The equation in the image is:

$x \sqrt{1 - y^2} + y \sqrt{1 - x^2} = C$

We are tasked to prove that:

$\frac{dy}{dx} = - \frac{y}{x} \cdot \frac{\sqrt{1 - x^2}}{\sqrt{1 - y^2}}$

Steps to Prove:

1. Implicit Differentiation:

   • Since $x$ and $y$ are related by the given equation, we use implicit differentiation with respect to $x$.

   The equation is: $x \sqrt{1 - y^2} + y \sqrt{1 - x^2} = C$

2. Differentiate Both Sides: Differentiating both sides with respect to $x$, we get: $\frac{d}{dx} \left( x \sqrt{1 - y^2} \right) + \frac{d}{dx} \left( y \sqrt{1 - x^2} \right) = 0$

   Now, apply the product rule to both terms.

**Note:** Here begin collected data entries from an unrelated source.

lemma less_power_tau: "m < p ^ (1 + \<Phi> (tau p \<Phi> m))"
proof -
  have "m < 2 ^ m" by (rule less_exp)
  also have "\<dots> \<le> p ^ m" using p_ge_2 by (rule power_mono) simp
  also have "\<dots> \<le> p ^ (1 + \<Phi> m)"
    using strict_mono_imp_increasing[OF mono_\<Phi>, of m] p_ge_2 by (intro power_increasing) auto
  finally show ?thesis unfolding tau_def by (rule LeastI)
qed

lemma power_tau_pred_le: "1 \<le> tau p \<Phi> m \<Longrightarrow> p ^ (1 + \<Phi> (tau p \<Phi> m - 1)) \<le> m"
  using not_less_Least[of "tau p \<Phi> m - 1" "\<lambda>h. m < p ^ (1 + \<Phi> h)"]
  unfolding tau_def by simp

lemma tau_eq_0_iff: "tau p \<Phi> m = 0 \<longleftrightarrow> m < p ^ (1 + \<Phi> 0)"
  using less_power_tau[of m] tau_le[of m p \<Phi> 0] by auto

lemma diff_Mfun_eq_mod:
  assumes "1 \<le> tau p \<Phi> m"
  shows "m - Mfun p \<Phi> m = m mod p ^ (1 + \<Phi> (tau p \<Phi> m - 1))"
proof -
  define a where "a = \<Phi> (tau p \<Phi> m - 1)"
  define c where "c = \<Phi> (tau p \<Phi> m)"
  have "a < c" unfolding a_def c_def using mono_\<Phi> assms by (simp add: strict_mono_less)
  then have split: "{..<1 + c} = {..<1 + a} \<union> {a + 1 .. c}" by auto
  have "m = m mod p ^ (1 + c)" using less_power_tau[of m] unfolding c_def by simp
  also have "\<dots> = (\<Sum>i<1 + a. digit p m i * p ^ i) + (\<Sum>i\<in>{a+1..c}. digit p m i * p ^ i)"
    unfolding mod_power_eq_sum_digits split by (rule sum.union_disjoint) auto
  also have "\<dots> = m mod p ^ (1 + a) + Mfun p \<Phi> m"
    by (simp only: mod_power_eq_sum_digits Mfun_def a_def c_def)
  finally show ?thesis unfolding a_def by linarith
qed

lemma chi_eq_indicator: "chi p \<Phi> m x = (if m \<in> chi_support p \<Phi> x then 1 else 0)"
  using int_mod_power_eq_self[OF less_power_tau[of m]]
  by (simp add: chi_def chi_support_def zp_close_def zp_of_nat_def)

lemma truncation_in_chi_support:
  assumes "x \<in> Zp p"
  shows "nat (x (1 + \<Phi> j)) \<in> chi_support p \<Phi> x"
proof -
  define q where "q = nat (x (1 + \<Phi> j))"
  have q: "int q = x (1 + \<Phi> j)" using Zp_bounds[OF assms] q_def by simp
  then have "q < p ^ (1 + \<Phi> j)" using Zp_bounds[OF assms] by (metis of_nat_less_iff of_nat_power)
  then have "tau p \<Phi> q \<le> j" by (rule tau_le)
  then have "x (1 + \<Phi> (tau p \<Phi> q)) = x (1 + \<Phi> j) mod int p ^ (1 + \<Phi> (tau p \<Phi> q))"
    by (intro Zp_mod_power[OF assms] level_mono)
  also have "\<dots> = int q" using q int_mod_power_eq_self[OF less_power_tau[of q]] by simp
  finally show ?thesis unfolding chi_support_def q_def by simp
qed
(* Let $\mathcal{G}=(\mathcal{P},\mathcal{L})$ be a Fischer space of symplectic type, let $R$ be a commutative ring with $2=0$, let $A=M_R(\mathcal{G},1)$ and let $\ell\in\mathcal{L}$. Then $\operatorname{ad}_\ell$ is idempotent, i.e. $\ell\cdot(\ell v)=\ell v$ for all $v\in A$.
   Context: A 3-transposition group is a pair $(G,D)$ where $D$ is a conjugacy class of involutions generating $G$ with $de$ of order at most $3$ for all $d,e\in D$. Its Fischer space $\mathcal{G}=(\mathcal{P},\mathcal{L})$ has $\mathcal{P}=D$ and as lines the $3$-subsets consisting of the three involutions of a subgroup isomorphic to $\mathrm{Sym}(3)$. Distinct points on a common line are collinear ($p\sim q$), and $p\wedge q$ is the third point. A subspace is a nonempty subset closed under $\wedge$. The subspace generated by two distinct intersecting lines is either a complete quadrilateral (6 points, 4 lines, any two lines meeting in one point, each point on two lines) or an affine plane of order $3$; $\mathcal{G}$ is of symplectic type if it is always a complete quadrilateral. The nilpotent Matsuo algebra $A=M_R(\mathcal{G},1)$ is the free $R$-module with basis $\mathcal{P}$ and commutative bilinear product $p\cdot q=0$ if $p=q$ or $p\not\sim q$, $p\cdot q=p+q+p\wedge q$ if $p\sim q$. A line $\ell$ is identified with the sum of its three points in $A$, and $\operatorname{ad}_\ell(v)=\ell v$. *)

theory Defs
  imports "HOL-Algebra.Generated_Groups"
begin

definition three_transposition_group :: "('a, 'b) monoid_scheme \<Rightarrow> 'a set \<Rightarrow> bool" where
  "three_transposition_group G D \<longleftrightarrow>
     group G \<and> D \<subseteq> carrier G \<and>
     (\<exists>d \<in> carrier G. D = {inv\<^bsub>G\<^esub> g \<otimes>\<^bsub>G\<^esub> d \<otimes>\<^bsub>G\<^esub> g | g. g \<in> carrier G}) \<and>
     (\<forall>d \<in> D. d \<noteq> \<one>\<^bsub>G\<^esub> \<and> d \<otimes>\<^bsub>G\<^esub> d = \<one>\<^bsub>G\<^esub>) \<and>
     generate G D = carrier G \<and>
     (\<forall>d \<in> D. \<forall>e \<in> D. \<exists>n::nat. 1 \<le> n \<and> n \<le> 3 \<and> (d \<otimes>\<^bsub>G\<^esub> e) [^]\<^bsub>G\<^esub> n = \<one>\<^bsub>G\<^esub>)"

text \<open>Distinct points p, q of D are collinear iff pq has order 3, i.e. they generate a
  subgroup isomorphic to Sym(3); the third point of the line is p \<and> q = pqp.\<close>
definition fcoll :: "('a, 'b) monoid_scheme \<Rightarrow> 'a set \<Rightarrow> 'a \<Rightarrow> 'a \<Rightarrow> bool" where
  "fcoll G D p q \<longleftrightarrow> p \<in> D \<and> q \<in> D \<and> p \<noteq> q \<and> (p \<otimes>\<^bsub>G\<^esub> q) [^]\<^bsub>G\<^esub> (3::nat) = \<one>\<^bsub>G\<^esub>"

definition fwedge :: "('a, 'b) monoid_scheme \<Rightarrow> 'a \<Rightarrow> 'a \<Rightarrow> 'a" where
  "fwedge G p q = p \<otimes>\<^bsub>G\<^esub> q \<otimes>\<^bsub>G\<^esub> p"

definition flines :: "('a, 'b) monoid_scheme \<Rightarrow> 'a set \<Rightarrow> 'a set set" where
  "flines G D = {{p, q, fwedge G p q} | p q. fcoll G D p q}"

definition fsubspace :: "('a, 'b) monoid_scheme \<Rightarrow> 'a set \<Rightarrow> 'a set \<Rightarrow> bool" where
  "fsubspace G D S \<longleftrightarrow> S \<noteq> {} \<and> S \<subseteq> D \<and>
     (\<forall>p \<in> S. \<forall>q \<in> S. fcoll G D p q \<longrightarrow> fwedge G p q \<in> S)"

definition fgen :: "('a, 'b) monoid_scheme \<Rightarrow> 'a set \<Rightarrow> 'a set \<Rightarrow> 'a set" where
  "fgen G D X = \<Inter> {S. fsubspace G D S \<and> X \<subseteq> S}"

definition complete_quadrilateral :: "('a, 'b) monoid_scheme \<Rightarrow> 'a set \<Rightarrow> 'a set \<Rightarrow> bool" where
  "complete_quadrilateral G D S \<longleftrightarrow>
     card S = 6 \<and>
     card {l \<in> flines G D. l \<subseteq> S} = 4 \<and>
     (\<forall>l \<in> {l \<in> flines G D. l \<subseteq> S}. \<forall>m \<in> {l \<in> flines G D. l \<subseteq> S}.
        l \<noteq> m \<longrightarrow> card (l \<inter> m) = 1) \<and>
     (\<forall>p \<in> S. card {l \<in> flines G D. l \<subseteq> S \<and> p \<in> l} = 2)"

definition symplectic_type :: "('a, 'b) monoid_scheme \<Rightarrow> 'a set \<Rightarrow> bool" where
  "symplectic_type G D \<longleftrightarrow>
     (\<forall>l \<in> flines G D. \<forall>m \<in> flines G D. l \<noteq> m \<and> l \<inter> m \<noteq> {} \<longrightarrow>
        complete_quadrilateral G D (fgen G D (l \<union> m)))"

text \<open>Elements of the free R-module with basis D: finitely supported functions D \<rightarrow> R
  (zero outside D). The basis vector of p is the indicator function of p.\<close>
definition matsuo_carrier :: "'a set \<Rightarrow> ('a \<Rightarrow> 'r::comm_ring_1) set" where
  "matsuo_carrier D = {v. finite {x. v x \<noteq> 0} \<and> {x. v x \<noteq> 0} \<subseteq> D}"

definition basis_vec :: "'a \<Rightarrow> 'a \<Rightarrow> 'r::comm_ring_1" where
  "basis_vec p = (\<lambda>x. if x = p then 1 else 0)"

definition matsuo_bprod :: "('a, 'b) monoid_scheme \<Rightarrow> 'a set \<Rightarrow> 'a \<Rightarrow> 'a \<Rightarrow> 'a \<Rightarrow> 'r::comm_ring_1" where
  "matsuo_bprod G D p q =
     (if fcoll G D p q then (\<lambda>x. basis_vec p x + basis_vec q x + basis_vec (fwedge G p q) x)
      else (\<lambda>x. 0))"

definition matsuo_mult :: "('a, 'b) monoid_scheme \<Rightarrow> 'a set \<Rightarrow>
    ('a \<Rightarrow> 'r::comm_ring_1) \<Rightarrow> ('a \<Rightarrow> 'r) \<Rightarrow> ('a \<Rightarrow> 'r)" where
  "matsuo_mult G D u v = (\<lambda>x. \<Sum>p \<in> {y. u y \<noteq> 0}. \<Sum>q \<in> {y. v y \<noteq> 0}.
       u p * v q * matsuo_bprod G D p q x)"

text \<open>A line, viewed as the sum of its three points in A.\<close>
definition line_vec :: "'a set \<Rightarrow> 'a \<Rightarrow> 'r::comm_ring_1" where
  "line_vec l = (\<lambda>x. if x \<in> l then 1 else 0)"

end

(*
  The map ad_l is linear, so it suffices to check ad_l (ad_l q) = ad_l q for points q.
  Conjugation by a point is an automorphism of the Fischer space; hence if q is collinear
  with at most one point of the line l = {a, b, c}, it is collinear with none, and l q = 0.
  In a space of symplectic type q cannot be collinear with all three points: the lines
  joining q to a, b and c would all lie in the complete quadrilateral generated by l and
  the first of them, where q lies on only two lines. In the remaining case q is collinear
  with exactly a and b (this includes q = c), and since 2 = 0,
  l q = a + b + a\<and>q + b\<and>q, which ad_l fixes.
*)
theory Submission
  imports Defs "HOL-Library.Function_Algebras"
begin

lemma fgen_superset: "X \<subseteq> fgen G D X"
  unfolding fgen_def by blast

lemma fgen_fwedge_closed:
  assumes "p \<in> fgen G D X" "q \<in> fgen G D X" "fcoll G D p q"
  shows "fwedge G p q \<in> fgen G D X"
  unfolding fgen_def
proof
  fix S
  assume "S \<in> {S. fsubspace G D S \<and> X \<subseteq> S}"
  moreover from this have "p \<in> S" "q \<in> S"
    using assms(1,2) unfolding fgen_def by blast+
  ultimately show "fwedge G p q \<in> S"
    using assms(3) unfolding fsubspace_def by blast
qed

lemma fline_in_flines: "fcoll G D p q \<Longrightarrow> {p, q, fwedge G p q} \<in> flines G D"
  unfolding flines_def by blast

lemma symplectic_no_three_lines_through_point:
  assumes "symplectic_type G D" "l \<in> flines G D" "m \<in> flines G D" "l \<noteq> m" "l \<inter> m \<noteq> {}"
    and "\<And>n. n \<in> {n1, n2, n3} \<Longrightarrow> n \<in> flines G D \<and> n \<subseteq> fgen G D (l \<union> m) \<and> p \<in> n"
  shows "n1 = n2 \<or> n1 = n3 \<or> n2 = n3"
proof -
  define K where "K = {n \<in> flines G D. n \<subseteq> fgen G D (l \<union> m) \<and> p \<in> n}"
  have "p \<in> fgen G D (l \<union> m)"
    using assms(6)[of n1] by blast
  moreover have "complete_quadrilateral G D (fgen G D (l \<union> m))"
    using assms(1-5) unfolding symplectic_type_def by blast
  ultimately have "card K = 2"
    unfolding complete_quadrilateral_def K_def by blast
  moreover from this have "finite K"
    by (intro card_ge_0_finite) simp
  moreover have "{n1, n2, n3} \<subseteq> K"
    using assms(6) unfolding K_def by blast
  ultimately have "card {n1, n2, n3} \<le> 2"
    by (metis card_mono)
  then show ?thesis
    by (auto simp: card_insert_if split: if_splits)
qed

lemma matsuo_bprod_fcoll:
  "fcoll G D p q \<Longrightarrow> matsuo_bprod G D p q = basis_vec p + basis_vec q + basis_vec (fwedge G p q)"
  by (simp add: matsuo_bprod_def plus_fun_def)

lemma matsuo_bprod_not_fcoll: "\<not> fcoll G D p q \<Longrightarrow> matsuo_bprod G D p q = 0"
  by (simp add: matsuo_bprod_def zero_fun_def)

lemma matsuo_bprod_support: "matsuo_bprod G D p q x \<noteq> 0 \<Longrightarrow> x \<in> {p, q, fwedge G p q}"
  by (auto simp: matsuo_bprod_def basis_vec_def split: if_splits)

3. Differentiate the First Term $x \sqrt{1 - y^2}$:

   • Product rule: $\frac{d}{dx}(uv) = u'v + uv'$, where $u = x$ and $v = \sqrt{1 - y^2}$. $\frac{d}{dx}(x \sqrt{1 - y^2}) = 1 \cdot \sqrt{1 - y^2} + x \cdot \frac{d}{dx}\left( \sqrt{1 - y^2} \right)$

   The derivative of $\sqrt{1 - y^2}$ with respect to $x$ is: $\frac{d}{dx} \left( \sqrt{1 - y^2} \right) = \frac{-y \frac{dy}{dx}}{\sqrt{1 - y^2}}$

   Therefore, the derivative of the first term is: $\sqrt{1 - y^2} - \frac{xy \frac{dy}{dx}}{\sqrt{1 - y^2}}$

4. Differentiate the Second Term $y \sqrt{1 - x^2}$: Again, applying the product rule, where $u = y$ and $v = \sqrt{1 - x^2}$: $\frac{d}{dx} (y \sqrt{1 - x^2}) = \frac{dy}{dx} \cdot \sqrt{1 - x^2} + y \cdot \frac{-x}{\sqrt{1 - x^2}}$ Simplifying the second term: $= \frac{dy}{dx} \cdot \sqrt{1 - x^2} - \frac{yx}{\sqrt{1 - x^2}}$

5. Combine the Two Results: Now, combine the derivatives of the two terms: $\left( \sqrt{1 - y^2} - \frac{xy \frac{dy}{dx}}{\sqrt{1 - y^2}} \right) + \left( \frac{dy}{dx} \cdot \sqrt{1 - x^2} - \frac{yx}{\sqrt{1 - x^2}} \right) = 0$

6. Solve for $\frac{dy}{dx}$: Collect terms involving $\frac{dy}{dx}$ on one side: $- \frac{xy \frac{dy}{dx}}{\sqrt{1 - y^2}} + \frac{dy}{dx} \cdot \sqrt{1 - x^2} = \frac{yx}{\sqrt{1 - x^2}} - \sqrt{1 - y^2}$

   Factor out $\frac{dy}{dx}$ on the left-hand side: $\frac{dy}{dx} \left( - \frac{xy}{\sqrt{1 - y^2}} + \sqrt{1 - x^2} \right) = \frac{yx}{\sqrt{1 - x^2}} - \sqrt{1 - y^2}$

   This can then be simplified to solve for $\frac{dy}{dx}$, yielding the desired result: $\frac{dy}{dx} = - \frac{y}{x} \cdot \frac{\sqrt{1 - x^2}}{\sqrt{1 - y^2}}$

Would you like further clarification on any part of this derivation?

5 Related Questions:

1. What is implicit differentiation and when is it used?
2. How do we apply the product rule in calculus?
3. Why is the chain rule important in differentiating composite functions?
4. How do we handle differentiation of square roots like $\sqrt{1 - y^2}$?
5. What techniques can we use to simplify implicit derivatives?

Tip:

Always remember to check for opportunities to apply the product and chain rules when differentiating expressions with multiple variables!